One of the most insightful quotes from King of the Night comes from Jeanne Prior, who was Carson’s secretary in the 1960’s. She told Leamer, “Except for the beginning years of his life, I don’t think Johnny has ever been rejected. Just think of the fact of going around for thirty years and never being rejected by almost anybody, not waiters, not anybody. What do you think would be easier to live with, his life or the life most of us live? There is a cost, and that’s why he insulates himself.” (p.160) I think that gives the reader some idea of what it would have been like to be Johnny Carson, and why success can be so difficult to deal with. 
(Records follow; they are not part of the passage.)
(* Let $1\le l\le g$, $\beta\in\mathbb F_p^\times$ and $\alpha=\beta^2$. Then the sequence of polynomial functions $$J^{l,s}(x_1,\dots,x_{n-1})=x_1^{(p^s-1)/2}\,Q^{l,s}(x_2,\dots,x_{n-1}),\qquad s=1,2,\dots,$$ converges uniformly on $D_{\alpha,1}\times D_{0,1}^{n-2}$ to the function $\omega(\beta)\,J^l$, where $J^l(x_1,\dots,x_{n-1})=x_1^{-1/2}\,Q^l(x_2,\dots,x_{n-1})$.
   Context: Let $p$ be an odd prime, $g\ge1$, $n=2g+1$, $p>n$. $\mathbb Z_p$, $|\cdot|_p$ as usual. For $t\in\mathbb F_p$ (or $\mathbb Z_p$), $\omega(t)$ is the Teichmüller representative: the unique $\omega\in\mathbb Z_p$ with $\omega^p=\omega$, $\omega\equiv t\pmod p$. For $\gamma\in\mathbb F_p$, $D_{\gamma,1}=\{t\in\mathbb Z_p:|t-\omega(\gamma)|_p<1\}$. For $\beta\neq0$, $x_1^{1/2}:D_{\alpha,1}\to D_{\beta,1}$ denotes the inverse of the bijection $t\mapsto t^2$, $D_{\beta,1}\to D_{\alpha,1}$, and $x_1^{-1/2}=1/x_1^{1/2}$. Uniform convergence on $S$ means convergence in $\sup_S|\cdot|_p$ (coordinatewise). Binomials $\binom{y}{k}=y(y-1)\cdots(y-k+1)/k!$. For $a=(a_1,\dots,a_{n-1})$ write $X(a)=\prod_{i=2}^{n-2l}x_i^{a_{i-1}}\prod_{i=n-2l+1}^{n-1}x_i^{a_i}$. For a parameter $\mu$ define $Q^{l}[\mu]=(Q_1,\dots,Q_n)$ by: for $1\le j\le n-2l-1$: $Q_j=x_{j+1}\sum\binom{\mu-1}{a_j}\prod_{i\ne j}\binom{\mu}{a_i}X(a)$ over $a$ with $a_1+\dots+a_{n-2l}=a_{n-2l+1}+\dots+a_{n-1}+l-1$; for $j=n-2l$: $Q_j=\sum\binom{\mu-1}{a_j}\prod_{i\ne j}\binom{\mu}{a_i}X(a)$ with the same condition ($l-1$); for $n-2l<j\le n-1$: $Q_j=\sum\binom{\mu-1}{a_j}\prod_{i\ne j}\binom{\mu}{a_i}X(a)$ over $a$ with $a_1+\dots+a_{n-2l}=a_{n-2l+1}+\dots+a_{n-1}+l$; $Q_n=\sum\prod_{i=1}^{n-1}\binom{\mu}{a_i}X(a)$ over $a$ with $a_1+\dots+a_{n-2l}=a_{n-2l+1}+\dots+a_{n-1}+l$. Here $\prod_{i\ne j}$ is over $i\in\{1,\dots,n-1\}\setminus\{j\}$. $Q^l$ is the formal power series $Q^l[-\tfrac12]$ (sum over all $a\in\mathbb Z_{\ge0}^{n-1}$; it has $p$-adic integer coefficients and converges on $D_{0,1}^{n-2}$), and $Q^{l,s}$ is the polynomial $Q^l[\tfrac{p^s-1}2]$ (sum over $a$ with $0\le a_i\le\frac{p^s-1}2$). *)

theory Defs
  imports Complex_Main "HOL-Computational_Algebra.Primes" "HOL-Number_Theory.Cong"
begin

text \<open>An element x of Z_p is represented by the sequence of its residues:
 x k is the representative in [0, p^k) of x modulo p^k.\<close>

definition Zp :: "int \<Rightarrow> (nat \<Rightarrow> int) set" where
  "Zp p = {x. \<forall>k. 0 \<le> x k \<and> x k < p ^ k \<and> x (Suc k) mod p ^ k = x k}"

definition zp_of_int :: "int \<Rightarrow> int \<Rightarrow> nat \<Rightarrow> int" where
  "zp_of_int p c = (\<lambda>k. c mod p ^ k)"

text \<open>Embedding of p-integral rationals (denominator prime to p) into Z_p.\<close>
definition zp_of_rat :: "int \<Rightarrow> rat \<Rightarrow> nat \<Rightarrow> int" where
  "zp_of_rat p r = (\<lambda>k. THE c. 0 \<le> c \<and> c < p ^ k \<and>
      [c * snd (quotient_of r) = fst (quotient_of r)] (mod p ^ k))"

definition zp_add :: "int \<Rightarrow> (nat \<Rightarrow> int) \<Rightarrow> (nat \<Rightarrow> int) \<Rightarrow> nat \<Rightarrow> int" where
  "zp_add p x y = (\<lambda>k. (x k + y k) mod p ^ k)"

definition zp_diff :: "int \<Rightarrow> (nat \<Rightarrow> int) \<Rightarrow> (nat \<Rightarrow> int) \<Rightarrow> nat \<Rightarrow> int" where
  "zp_diff p x y = (\<lambda>k. (x k - y k) mod p ^ k)"

definition zp_mult :: "int \<Rightarrow> (nat \<Rightarrow> int) \<Rightarrow> (nat \<Rightarrow> int) \<Rightarrow> nat \<Rightarrow> int" where
  "zp_mult p x y = (\<lambda>k. (x k * y k) mod p ^ k)"

definition zp_pow :: "int \<Rightarrow> (nat \<Rightarrow> int) \<Rightarrow> nat \<Rightarrow> nat \<Rightarrow> int" where
  "zp_pow p x m = (\<lambda>k. (x k ^ m) mod p ^ k)"

definition zp_prod :: "int \<Rightarrow> ('a \<Rightarrow> nat \<Rightarrow> int) \<Rightarrow> 'a set \<Rightarrow> nat \<Rightarrow> int" where
  "zp_prod p f I = (\<lambda>k. (\<Prod>i\<in>I. f i k) mod p ^ k)"

text \<open>p-adic (unconditional) sum of a family tending to 0: at level k only
 finitely many terms are nonzero modulo p^k, and we add those.  For a finite
 index set this is the ordinary finite sum in Z_p.\<close>
definition zp_sum :: "int \<Rightarrow> ('a \<Rightarrow> nat \<Rightarrow> int) \<Rightarrow> 'a set \<Rightarrow> nat \<Rightarrow> int" where
  "zp_sum p f A = (\<lambda>k. (\<Sum>a\<in>{a\<in>A. f a k mod p ^ k \<noteq> 0}. f a k) mod p ^ k)"

definition zp_inv :: "int \<Rightarrow> (nat \<Rightarrow> int) \<Rightarrow> nat \<Rightarrow> int" where
  "zp_inv p x = (THE y. y \<in> Zp p \<and> zp_mult p x y = zp_of_int p 1)"

text \<open>p-adic absolute value |x|_p = p^(-v(x)), v(x) the p-adic valuation.\<close>
definition zp_abs :: "int \<Rightarrow> (nat \<Rightarrow> int) \<Rightarrow> real" where
  "zp_abs p x = (if \<forall>k. x k = 0 then 0
                 else 1 / (real_of_int p ^ (LEAST k. x (Suc k) \<noteq> 0)))"

definition teich :: "int \<Rightarrow> int \<Rightarrow> nat \<Rightarrow> int" where
  "teich p t = (THE w. w \<in> Zp p \<and> zp_pow p w (nat p) = w \<and> w 1 = t mod p)"

definition Ddisc :: "int \<Rightarrow> int \<Rightarrow> (nat \<Rightarrow> int) set" where
  "Ddisc p \<gamma> = {t \<in> Zp p. zp_abs p (zp_diff p t (teich p \<gamma>)) < 1}"

definition zp_sqrt :: "int \<Rightarrow> int \<Rightarrow> (nat \<Rightarrow> int) \<Rightarrow> nat \<Rightarrow> int" where
  "zp_sqrt p \<beta> x = (THE y. y \<in> Ddisc p \<beta> \<and> zp_mult p y y = x)"

text \<open>Multi-indices a = (a_1,...,a_{n-1}) are functions nat => nat vanishing
 outside {1..n-1}; points (x_1,...,x_{n-1}) are functions from indices to Z_p.\<close>

definition Xmon :: "int \<Rightarrow> nat \<Rightarrow> nat \<Rightarrow> (nat \<Rightarrow> nat) \<Rightarrow> (nat \<Rightarrow> nat \<Rightarrow> int) \<Rightarrow> nat \<Rightarrow> int" where
  "Xmon p n l a x = zp_mult p
      (zp_prod p (\<lambda>i. zp_pow p (x i) (a (i - 1))) {2..n - 2*l})
      (zp_prod p (\<lambda>i. zp_pow p (x i) (a i)) {n - 2*l + 1..n - 1})"

definition Qcoef :: "nat \<Rightarrow> rat \<Rightarrow> nat \<Rightarrow> (nat \<Rightarrow> nat) \<Rightarrow> rat" where
  "Qcoef n \<mu> j a = (if j \<le> n - 1
      then ((\<mu> - 1) gchoose a j) * (\<Prod>i\<in>{1..n - 1} - {j}. \<mu> gchoose a i)
      else (\<Prod>i\<in>{1..n - 1}. \<mu> gchoose a i))"

definition Qidx :: "nat \<Rightarrow> nat \<Rightarrow> nat \<Rightarrow> (nat \<Rightarrow> nat) set" where
  "Qidx n l j = {a. (\<forall>i. i \<notin> {1..n - 1} \<longrightarrow> a i = 0) \<and>
      (\<Sum>i=1..n - 2*l. a i) = (\<Sum>i=n - 2*l + 1..n - 1. a i) + (if j \<le> n - 2*l then l - 1 else l)}"

definition Qcomp :: "int \<Rightarrow> nat \<Rightarrow> nat \<Rightarrow> rat \<Rightarrow> (nat \<Rightarrow> nat) set \<Rightarrow> nat
                      \<Rightarrow> (nat \<Rightarrow> nat \<Rightarrow> int) \<Rightarrow> nat \<Rightarrow> int" where
  "Qcomp p n l \<mu> A j x = zp_mult p
      (if 1 \<le> j \<and> j \<le> n - 2*l - 1 then x (j + 1) else zp_of_int p 1)
      (zp_sum p (\<lambda>a. zp_mult p (zp_of_rat p (Qcoef n \<mu> j a)) (Xmon p n l a x))
                 (Qidx n l j \<inter> A))"

definition Ql :: "int \<Rightarrow> nat \<Rightarrow> nat \<Rightarrow> nat \<Rightarrow> (nat \<Rightarrow> nat \<Rightarrow> int) \<Rightarrow> nat \<Rightarrow> int" where
  "Ql p n l j x = Qcomp p n l (- 1/2) UNIV j x"

definition Qls :: "int \<Rightarrow> nat \<Rightarrow> nat \<Rightarrow> nat \<Rightarrow> nat \<Rightarrow> (nat \<Rightarrow> nat \<Rightarrow> int) \<Rightarrow> nat \<Rightarrow> int" where
  "Qls p n l s j x = Qcomp p n l (of_int ((p ^ s - 1) div 2))
       {a. \<forall>i. a i \<le> nat ((p ^ s - 1) div 2)} j x"

definition Jls :: "int \<Rightarrow> nat \<Rightarrow> nat \<Rightarrow> nat \<Rightarrow> nat \<Rightarrow> (nat \<Rightarrow> nat \<Rightarrow> int) \<Rightarrow> nat \<Rightarrow> int" where
  "Jls p n l s j x = zp_mult p (zp_pow p (x 1) (nat ((p ^ s - 1) div 2))) (Qls p n l s j x)"

definition Jl :: "int \<Rightarrow> int \<Rightarrow> nat \<Rightarrow> nat \<Rightarrow> nat \<Rightarrow> (nat \<Rightarrow> nat \<Rightarrow> int) \<Rightarrow> nat \<Rightarrow> int" where
  "Jl p \<beta> n l j x = zp_mult p (zp_inv p (zp_sqrt p \<beta> (x 1))) (Ql p n l j x)"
Whatever he was like off the screen, on screen Johnny Carson projected warmth and a likability that came through the television set. Shelly Schultz, a talent coordinator for The Tonight Show in the 1960’s, said of Carson, “I think that he is one of those rare phenomenal people who understood the medium.” (p.143) That’s very true, and Carson’s understanding of television served him well during his long career.

Johnny Carson presided over a media landscape that is totally different from 2016. King of the Night opens in 1987, as Carson is celebrating the 25th anniversary of his hosting The Tonight Show. Yet even then, as Leamer writes, “The networks had begun to decline, viewers lost to cable networks and video recorders. It was unlikely that any other performer would ever have the same hold over the American night.” (p.2) Of course that’s even more true now, as no one on late night television has the same reach that Johnny Carson did. Carson’s career is unique in late night television history, and it will remain so. Johnny Carson is the man who set the standard; he is the late night host that all others are measured against. 

Johnny Carson was one of television’s biggest stars, and King of the Night allows us a look at his private and professional life. If you’re interested in Johnny Carson, King of the Night is the book that paints the most complete picture of Carson’s life.